General procedure: A dry and argon-flushed Schlenk tube, equipped with a magnetic stirring bar and a rubber septum was charged with Ni(acac)2 (12.8 mg, 0.05 mmol, 0.05 equiv) as catalyst, 4-fluorostyrene (24.4 mg, 0.20 mmol, 0.20 equiv), the aryl iodide or heteroaryl chloride 3 as electrophile (1.00 mmol, 1.00 equiv), and freshly distilled THF (1 mL). The resulting suspension was cooled to 0 C and the prior prepared benzylic manganese chloride solution (1.20 mmol, 1.20 equiv) was added dropwise at the prior adjusted temperature. The reaction conversion was monitored by GC analysis of hydrolyzed aliquots. After full conversion of the selected electrophile, the reaction mixture was quenched with a sat. aq NH4Cl and extracted with EtOAc (3 × 75 mL). The combined organic layers were dried (MgSO4), filtered, and concentrated under reduced pressure. Purification of the crude product by flash column chromatography afforded the desired products.

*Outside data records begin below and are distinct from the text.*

(* Let $\vartheta\in\mathbb R^d$, $X\sim\mathcal N(\vartheta,I_d/\lambda)$ with $\lambda>0$, and $W\in\mathbb R^{K\times d}$ with all rows $W_i\ne0$. Then $$\big\|\mathbb E[g(WX)^{\otimes2}]-g(W\vartheta)^{\otimes2}\big\|_{op}\le C_K\,\psi_2(\vartheta,W,\lambda),$$ where $C_K$ depends only on $K$ and $$\psi_2(\vartheta,W,\lambda)=\max_{1\le i,j\le K}\Big[(|m_i^\vartheta|^3+\lambda^{-3/2}R_{ii}^{3/2})^{1/3}(|m_j^\vartheta|^3+\lambda^{-3/2}R_{jj}^{3/2})^{1/3}\Big(\bar F\big(\sqrt{\lambda/R_{ii}}\,|m_i^\vartheta|\big)+\bar F\big(\sqrt{\lambda/R_{jj}}\,|m_j^\vartheta|\big)\Big)^{1/3}+\frac{W_i\cdot W_j}\lambda\Big].$$
   Context: $g(t)=\max(t,0)$ is ReLU applied entrywise; $W_i$ denotes the $i$-th row of $W$, $m_i^\vartheta=W_i\cdot\vartheta$, $R_{ij}=W_i\cdot W_j$; $\bar F(t)=\mathbb P(G>t)$ for $G\sim\mathcal N(0,1)$. *)

theory Defs
  imports "HOL-Probability.Probability"
begin

text \<open>ReLU, applied entrywise.\<close>
definition relu :: "real \<Rightarrow> real" where
  "relu t = max t 0"

text \<open>Gaussian N(theta, I_d / lambda) on R^d, realised as the product measure on
  functions indexed by {..<d} (independent coordinates with variance 1/lambda).\<close>
definition gauss_meas :: "nat \<Rightarrow> (nat \<Rightarrow> real) \<Rightarrow> real \<Rightarrow> (nat \<Rightarrow> real) measure" where
  "gauss_meas d \<theta> lam = PiM {..<d} (\<lambda>l. density lborel (normal_density (\<theta> l) (1 / sqrt lam)))"

definition Fbar :: "real \<Rightarrow> real" where
  "Fbar t = measure (density lborel std_normal_density) {t<..}"

text \<open>W is a K x d matrix: rows indexed by 'k, columns by {..<d}.\<close>
definition mvec :: "nat \<Rightarrow> ('k \<Rightarrow> nat \<Rightarrow> real) \<Rightarrow> (nat \<Rightarrow> real) \<Rightarrow> 'k \<Rightarrow> real" where
  "mvec d W x i = (\<Sum>l<d. W i l * x l)"

definition Rmat :: "nat \<Rightarrow> ('k \<Rightarrow> nat \<Rightarrow> real) \<Rightarrow> 'k \<Rightarrow> 'k \<Rightarrow> real" where
  "Rmat d W i j = (\<Sum>l<d. W i l * W j l)"

definition second_moment ::
  "nat \<Rightarrow> (nat \<Rightarrow> real) \<Rightarrow> ('k::finite \<Rightarrow> nat \<Rightarrow> real) \<Rightarrow> real \<Rightarrow> real^'k^'k" where
  "second_moment d \<theta> W lam = (\<chi> i j. LINT x | gauss_meas d \<theta> lam.
       relu (mvec d W x i) * relu (mvec d W x j))"

definition mean_outer :: "nat \<Rightarrow> (nat \<Rightarrow> real) \<Rightarrow> ('k::finite \<Rightarrow> nat \<Rightarrow> real) \<Rightarrow> real^'k^'k" where
  "mean_outer d \<theta> W = (\<chi> i j. relu (mvec d W \<theta> i) * relu (mvec d W \<theta> j))"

At the same time, in my other blogs, there are other synthetic methods of this type of compound, Ethyl-3-iodobenzoate, and friends who are interested can also refer to it.

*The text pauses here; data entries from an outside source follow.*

text \<open>The weights \<open>\<rho>\<^sup>k\<^sup>+\<^sup>1\<^sup>-\<^sup>L\<close> are chosen so that shifting an overlap of length \<open>L\<close>
  to one of length \<open>L + 1\<close> costs exactly a factor \<open>\<mu> = 1 / \<rho>\<close>; the full overlap \<open>u = tl w\<close>
  produces the term that cancels the transition removed by \<open>E\<^sub>w\<close>.\<close>
lemma matvec_Tk_mat_correction_le:
  assumes k: "2 \<le> k" and u: "u \<in> adm_words r T k" and w: "admissible r T (k + 1) w"
    and \<rho>: "0 < \<rho>" and \<mu>: "\<rho> * \<mu> = 1"
  shows "matvec (adm_words r T k) (Tk_mat r T k) (correction k \<rho> w) u
    \<le> \<rho> ^ k * x (hd w) + \<mu> * correction k \<rho> w u - x (hd w) * (if u = tl w then 1 else 0)"
proof -
  define B where "B = {b. b < r \<and> T (hd u) b = 1}"
  have xw: "0 < x (hd w)" using admissible_hd_less[OF w] x_pos by simp
  have "matvec (adm_words r T k) (Tk_mat r T k) (correction k \<rho> w) u
      = (\<Sum>L\<in>{1..k}. x (hd w) * \<rho> ^ (k + 1 - L) * (\<Sum>b\<in>B. overlap k w L (b # butlast u)))"
    unfolding matvec_Tk_mat[OF k u] correction_def B_def by (simp add: sum_distrib_left) (rule sum.swap)
  also have "\<dots> \<le> (\<Sum>L\<in>{1..k}. x (hd w) * \<rho> ^ (k + 1 - L) * (if L = 1 then 1 else overlap k w (L - 1) u))"
  proof (intro sum_mono mult_left_mono)
    fix L assume L: "L \<in> {1..k}"
    show "(\<Sum>b\<in>B. overlap k w L (b # butlast u)) \<le> (if L = 1 then 1 else overlap k w (L - 1) u)"
    proof (cases "L = 1")
      case True
      then show ?thesis using overlap_one_Cons_le[OF k u w] by (simp add: B_def)
    next
      case False
      then obtain L' where "L = Suc L'" "1 \<le> L'" "L' < k" using L by (cases L) auto
      then show ?thesis using overlap_Cons_le[OF k u w] by (simp add: B_def)
    qed
  qed (use xw \<rho> in auto)
  also have "\<dots> = \<rho> ^ k * x (hd w) + \<mu> * correction k \<rho> w u - x (hd w) * overlap k w k u"
    using k \<mu> by (intro correction_shift_eq) auto
  finally show ?thesis using overlap_full[OF u, of w] by simp
qed

definition test_vector :: "nat \<Rightarrow> real \<Rightarrow> nat list set \<Rightarrow> nat list \<Rightarrow> real" where
  "test_vector k \<rho> C u = x (hd u) - (\<Sum>w\<in>C. correction k \<rho> w u)"

lemma matvec_E_mat_test_vector_le:
  assumes k: "1 \<le> k" and C: "C \<subseteq> adm_words r T (k + 1)" and w: "w \<in> C" and \<rho>: "0 \<le> \<rho>"
  shows "matvec (adm_words r T k) (E_mat w) (test_vector k \<rho> C) u \<le> x (hd w) * (if u = tl w then 1 else 0)"
proof -
  have adm: "admissible r T (k + 1) w'" if "w' \<in> C" for w' using C that by (auto simp: adm_words_def)
  have "0 \<le> (\<Sum>w'\<in>C. correction k \<rho> w' (butlast w))"
    using correction_nonneg[OF \<rho> adm] by (intro sum_nonneg) auto
  then have "test_vector k \<rho> C (butlast w) \<le> x (hd w)"
    using butlast_adm_words(2)[OF adm[OF w] k] by (simp add: test_vector_def)
  then show ?thesis using matvec_E_mat[OF k adm[OF w]] by simp
qed

lemma matvec_Tk_mat_test_vector_ge:
  assumes k: "2 \<le> k" and C: "C \<subseteq> adm_words r T (k + 1)" and u: "u \<in> adm_words r T k"
    and \<rho>: "0 < \<rho>" and \<mu>: "\<rho> * \<mu> = 1"
  shows "lam * x (hd u)
      - (\<Sum>w\<in>C. \<rho> ^ k * x (hd w) + \<mu> * correction k \<rho> w u - x (hd w) * (if u = tl w then 1 else 0))
    \<le> matvec (adm_words r T k) (Tk_mat r T k) (test_vector k \<rho> C) u"
proof -
  have "(\<Sum>w\<in>C. matvec (adm_words r T k) (Tk_mat r T k) (correction k \<rho> w) u)
      \<le> (\<Sum>w\<in>C. \<rho> ^ k * x (hd w) + \<mu> * correction k \<rho> w u - x (hd w) * (if u = tl w then 1 else 0))"
    using C by (intro sum_mono matvec_Tk_mat_correction_le[OF k u _ \<rho> \<mu>]) (auto simp: adm_words_def)
  moreover have "test_vector k \<rho> C = (\<lambda>v. x (hd v) - 1 * (\<Sum>w\<in>C. correction k \<rho> w v))"
    by (simp add: test_vector_def fun_eq_iff)
  then have "matvec (adm_words r T k) (Tk_mat r T k) (test_vector k \<rho> C) u
      = lam * x (hd u) - (\<Sum>w\<in>C. matvec (adm_words r T k) (Tk_mat r T k) (correction k \<rho> w) u)"
    by (simp only: matvec_diff matvec_sum matvec_Tk_mat_hd_x[OF k u])
  ultimately show ?thesis by linarith
qed

lemma matvec_Tk_forbid_test_vector_ge:
  assumes k: "2 \<le> k" and C: "finite C" "C \<subseteq> adm_words r T (k + 1)" and u: "u \<in> adm_words r T k"
    and \<rho>: "0 < \<rho>" and \<mu>: "\<rho> * \<mu> = 1"
  shows "\<mu> * test_vector k \<rho> C u + (lam - \<mu>) * x (hd u) - \<rho> ^ k * (\<Sum>w\<in>C. x (hd w))
    \<le> matvec (adm_words r T k) (Tk_forbid r T k C) (test_vector k \<rho> C) u"
proof -
  have "(\<Sum>w\<in>C. matvec (adm_words r T k) (E_mat w) (test_vector k \<rho> C) u)
      \<le> (\<Sum>w\<in>C. x (hd w) * (if u = tl w then 1 else 0))"
    using k \<rho> by (intro sum_mono matvec_E_mat_test_vector_le[OF _ C(2)]) auto
  moreover have "(\<Sum>w\<in>C. \<rho> ^ k * x (hd w) + \<mu> * correction k \<rho> w u - x (hd w) * (if u = tl w then 1 else 0))
      = \<rho> ^ k * (\<Sum>w\<in>C. x (hd w)) + \<mu> * (\<Sum>w\<in>C. correction k \<rho> w u)
        - (\<Sum>w\<in>C. x (hd w) * (if u = tl w then 1 else 0))"
    by (simp add: sum.distrib sum_subtractf sum_distrib_left)
  moreover have "\<mu> * test_vector k \<rho> C u = \<mu> * x (hd u) - \<mu> * (\<Sum>w\<in>C. correction k \<rho> w u)"
    by (simp add: test_vector_def right_diff_distrib)
  moreover have "(lam - \<mu>) * x (hd u) = lam * x (hd u) - \<mu> * x (hd u)"
    by (simp add: left_diff_distrib)
  ultimately show ?thesis
    using matvec_Tk_mat_test_vector_ge[OF k C(2) u \<rho> \<mu>]
      matvec_Tk_forbid_eq[of "adm_words r T k" r T k C "test_vector k \<rho> C" u]
    by linarith
qed

lemma sum_extensions_y_last:
  assumes L: "1 \<le> L" and s: "admissible r T L s"
  shows "(\<Sum>u\<in>{u \<in> adm_words r T (L + m). take L u = s}. y (last u)) = lam ^ m * y (last s)"
proof (induction m)
  case 0
  have "{u \<in> adm_words r T (L + 0). take L u = s} = {s}"
    using s by (auto simp: adm_words_def admissible_def)
  then show ?case by simp
next
  case (Suc m)
  define A where "A = {u \<in> adm_words r T (L + m). take L u = s}"
  have "(\<Sum>u\<in>{u \<in> adm_words r T (L + Suc m). take L u = s}. y (last u))
      = (\<Sum>(u, c)\<in>(SIGMA u:A. {c. c < r \<and> T c (last u) = 1}). y c)"
    unfolding adm_extensions_Suc[OF L] A_def
    by (subst sum.reindex) (auto simp: inj_on_def case_prod_beta)
  also have "\<dots> = (\<Sum>u\<in>A. \<Sum>c\<in>{c. c < r \<and> T c (last u) = 1}. y c)"
    using finite_adm_words by (subst sum.Sigma) (auto simp: A_def)
  also have "\<dots> = (\<Sum>u\<in>A. lam * y (last u))"
  proof (intro sum.cong refl sum_predecessors_y)
    fix u assume "u \<in> A"
    then show "last u < r" using admissible_last_less[of r T "L + m" u] L by (simp add: A_def adm_words_def)
  qed
  also have "\<dots> = lam ^ Suc m * y (last s)" using Suc.IH by (simp add: A_def flip: sum_distrib_left)
  finally show ?case .
qed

These common heterocyclic compound, 627-31-6, name is 1,3-Diiodopropane(stabilized with Copper chip), its traditional synthetic route has been very mature, but the traditional synthetic route has various shortcomings, such as complicated route, low yield, poor purity, etc, below Introduce a new synthetic route. Recommanded Product: 1,3-Diiodopropane(stabilized with Copper chip)

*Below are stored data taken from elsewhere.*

lemma dominated_at_later:
  assumes W: "valid a" "valid b" and D: "dominated_at s s' a b T"
    and T: "time a \<le> T" "time b \<le> T" "T \<le> T2" and covers: "phase_covers s a T2"
  shows "dominated_at s s' a b T2"
proof -
  have R: "refines V (comps a) (comps b)" using D unfolding dominated_at_def by simp
  have "base_at b T2 = base_at b T + (\<Sum>C\<in>comps b. base_gain T T2 C)" using base_at_add[OF T(2,3)] .
  also have "\<dots> \<le> base_at a T + (\<Sum>C\<in>comps a. base_gain T T2 C)"
    using D base_gain_sum_refines_le[OF R] unfolding dominated_at_def by (intro add_mono) auto
  also have "\<dots> = base_at a T2" using base_at_add[OF T(1,3)] by simp
  finally show ?thesis
    using D load_at_le_later[OF W R _ _ T(2,3) covers] unfolding dominated_at_def by auto
qed

lemma t_le_boosted: "\<forall>v\<in>V. t v \<le> s' v"
  using t_le s_le by force

lemma dominated_at_step_boosted:
  assumes W: "valid b" and A: "active_comps s' b \<noteq> {}"
    and D: "dominated_at s s' a b (time (step s' b))"
  shows "dominated_at s s' a (step s' b) (time (step s' b))"
  unfolding dominated_at_def
proof (intro conjI ballI impI)
  have R': "refines V (comps b) (comps (step s' b))"
    unfolding step_active(2)[OF A] by (rule refines_merge[OF valid_partition[OF W]])
  show "refines V (comps a) (comps (step s' b))"
    using refines_trans[OF _ R', of "comps a"] D unfolding dominated_at_def by simp
  fix e assume e: "e \<in> E" "crossing (comps (step s' b)) e"
  have crb: "crossing (comps b) e" using refines_crossing[OF R' e(2)] .
  have "load_at s' (step s' b) (time (step s' b)) e = load_at s' b (time (step s' b)) e"
    unfolding load_at_time using load_at_step[OF W A e(1) crb] .
  then show "load_at s a (time (step s' b)) e \<le> load_at s' (step s' b) (time (step s' b)) e"
    using D e(1) crb unfolding dominated_at_def by auto
next
  have "base_at (step s' b) (time (step s' b)) = base_at b (time (step s' b))"
    unfolding base_at_time by (rule ybase_step[OF t_le_boosted W A])
  then show "base_at (step s' b) (time (step s' b)) \<le> base_at a (time (step s' b))"
    using D unfolding dominated_at_def by simp
qed

text \<open>The merges of the \<open>s\<close>-run stay inside the blocks of the \<open>s'\<close>-run: a tight edge crossing a
  block of \<open>b\<close> would be at least as loaded in \<open>b\<close>, contradicting that \<open>b\<close>'s phase is not over.\<close>
lemma dominated_at_step_base:
  assumes W: "valid a" "valid b" and A: "active_comps s a \<noteq> {}"
    and D: "dominated_at s s' a b (time (step s a))" and T: "time b \<le> time (step s a)"
    and before: "active_comps s' b = {} \<or> time (step s a) < time (step s' b)"
  shows "dominated_at s s' (step s a) b (time (step s a))"
proof -
  define T' where "T' = tight_edges V E c (comps a) (grown_y s a)"
  have R: "refines V (comps a) (comps b)" using D unfolding dominated_at_def by simp
  have "\<exists>D\<in>comps b. e \<subseteq> D" if e: "e \<in> T'" for e
  proof (rule ccontr)
    assume "\<not> (\<exists>D\<in>comps b. e \<subseteq> D)"
    then have crb: "crossing (comps b) e" unfolding crossing_def by auto
    have eE: "e \<in> E" and cra: "crossing (comps a) e" and tight: "load V E (grown_y s a) e = c e"
      using e unfolding T'_def tight_edges_def by auto
    have "c e = load_at s a (time (step s a)) e"
      using tight load_at_step[OF W(1) A eE cra] step_active(3)[OF A] by simp
    also have "\<dots> \<le> load_at s' b (time (step s a)) e" using D eE crb unfolding dominated_at_def by auto
    also have "\<dots> < c e" using load_at_less_cost[OF W(2) eE crb T before] .
    finally show False by simp
  qed
  then have "refines V (comps (step s a)) (comps b)"
    unfolding step_active(2)[OF A] T'_def[symmetric] by (rule merge_refines[OF R])
  moreover have "load_at s (step s a) (time (step s a)) e \<le> load_at s' b (time (step s a)) e"
    if "e \<in> E" "crossing (comps b) e" for e
    using load_at_step[OF W(1) A that(1) refines_crossing[OF R that(2)]] D that
    unfolding load_at_time dominated_at_def by auto
  moreover have "base_at b (time (step s a)) \<le> base_at (step s a) (time (step s a))"
    using D ybase_step[OF t_le W(1) A] unfolding dominated_at_def base_at_time by simp
  ultimately show ?thesis unfolding dominated_at_def by auto
qed

lemma synced_step_boosted:
  assumes W: "valid a" "valid b" and S: "synced s s' a b" and A: "active_comps s' b \<noteq> {}"
    and covers: "phase_covers s a (time (step s' b))"
  shows "synced s s' a (step s' b)"
proof -
  have T2: "max (time a) (time b) \<le> time (step s' b)"
    using S A unfolding synced_def phase_covers_def by auto
  have "dominated_at s s' a b (max (time a) (time b))" using S unfolding synced_def by simp
  then have "dominated_at s s' a b (time (step s' b))"
    using dominated_at_later[OF W _ _ _ T2 covers] by simp
  then have "dominated_at s s' a (step s' b) (time (step s' b))"
    by (rule dominated_at_step_boosted[OF W(2) A])
  moreover have "phase_covers s' (step s' b) (time (step s' b))"
    using time_le_step[OF valid_step[OF W(2)]] unfolding phase_covers_def by auto
  moreover have "max (time a) (time (step s' b)) = time (step s' b)" using T2 by auto
  ultimately show ?thesis using covers unfolding synced_def by simp
qed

Examples 13 -22; Synthesis of PBD dimers linked at the C-8 position; n=3, 4,5, 6, 7, 8,9, 10, 11, 12 Example 13 (n=3); (a) 1,1′-[(Propane-1,3-diyl)dioxy]bis[(11S,11aS)-10-(tert- butyloxycarbonyl)-7-methoxy-l1- (tetrahydro-pyran-2-yloxy)- 1,2, 3, 10, 11, IIa-hexahydro-5H-pyrrolo (2, 1-cJ [l, 4] benzodiazepine-5- one] (15a); 1,3-Diiodopropane (66 mg, 0.22 mmol, 0.5 equiv) was added to the mixture of monomer 14 (0.2 g, 0.44 mmol, 1. 0 equiv) and potassium carbonate (0. 98mmol, 2.2 equiv) in dry DMF (30 mL), and the resulting mixture was heated to 90C under a nitrogen atmosphere for 5 h. Removal of excess solvent under reduced pressure afforded a crude solid, which was subjected to flash column chromatography (SiO2, 50% EtOAc-hexane) to afford the dimerized compound 15a (90 mg, 0.09 mmol, 43% yield, mixture of diastereomers from THP protecting group) as a solid: [a] 20D = +57 (c = 0.14, CHCl3); 1H NMR (CDC13, 400 MHz): 5 1. 20-1. 84 (m, 60H, Boc, THP), 1.91-2. 20 (m, 16H, 1-H, 2-H), 2.34-2. 46 (m, 4H, 13-H), 3.40-3. 74 (m, 16H, 3-H, lla-H, THP), 3.79-3. 99 (m, 16H, 7-OMe, THP), 4.12-4. 30 (m, 8H, 12- H), 4.97-5. 15 (m, 4H, THP), 5.66-5. 75 (d, 2H, 11-H), 5. 77-5.89 (d, 2H, 11-H), 6.55 (s, 2H, 9-H), 6.89 (s, 2H, 9-H), 7.16 (s, 2H, 6- H), 7.20 (s, 2H, 6-H) ; 13C NMR (CDCl3, 400 MHz): 6 19.9, 20.5, 23. 1,23. 2,25. 2,25. 3,28. 1,28. 2,28. 9,29. 0, 29. 1,30. 9,31. 3, 46.3, 56.0, 56.1, 60.0, 60.2, 63.4, 64.5, 65.3, 65.7, 81.0, 81.1, 88. 1,91. 2,95. 7,100. 3,110. 1,110. 8, 114.7, 115.2, 127.5, 129.8, 148.5, 148. 8, 150.0, 155.1, 167.4, 167.6 ; IR (neat): 3426, 2943, 1703, 1643,1604, 1513, 1454,1432, 1326,1270, 1201,1163, 1023cm~ r MS (FAB) m/z (relative intensity) 959 ([M + Na]+., 100), 937 (M 62), 835 (67), 735 (60).

The synthetic route of 1,3-Diiodopropane(stabilized with Copper chip) has been constantly updated, and we look forward to future research findings.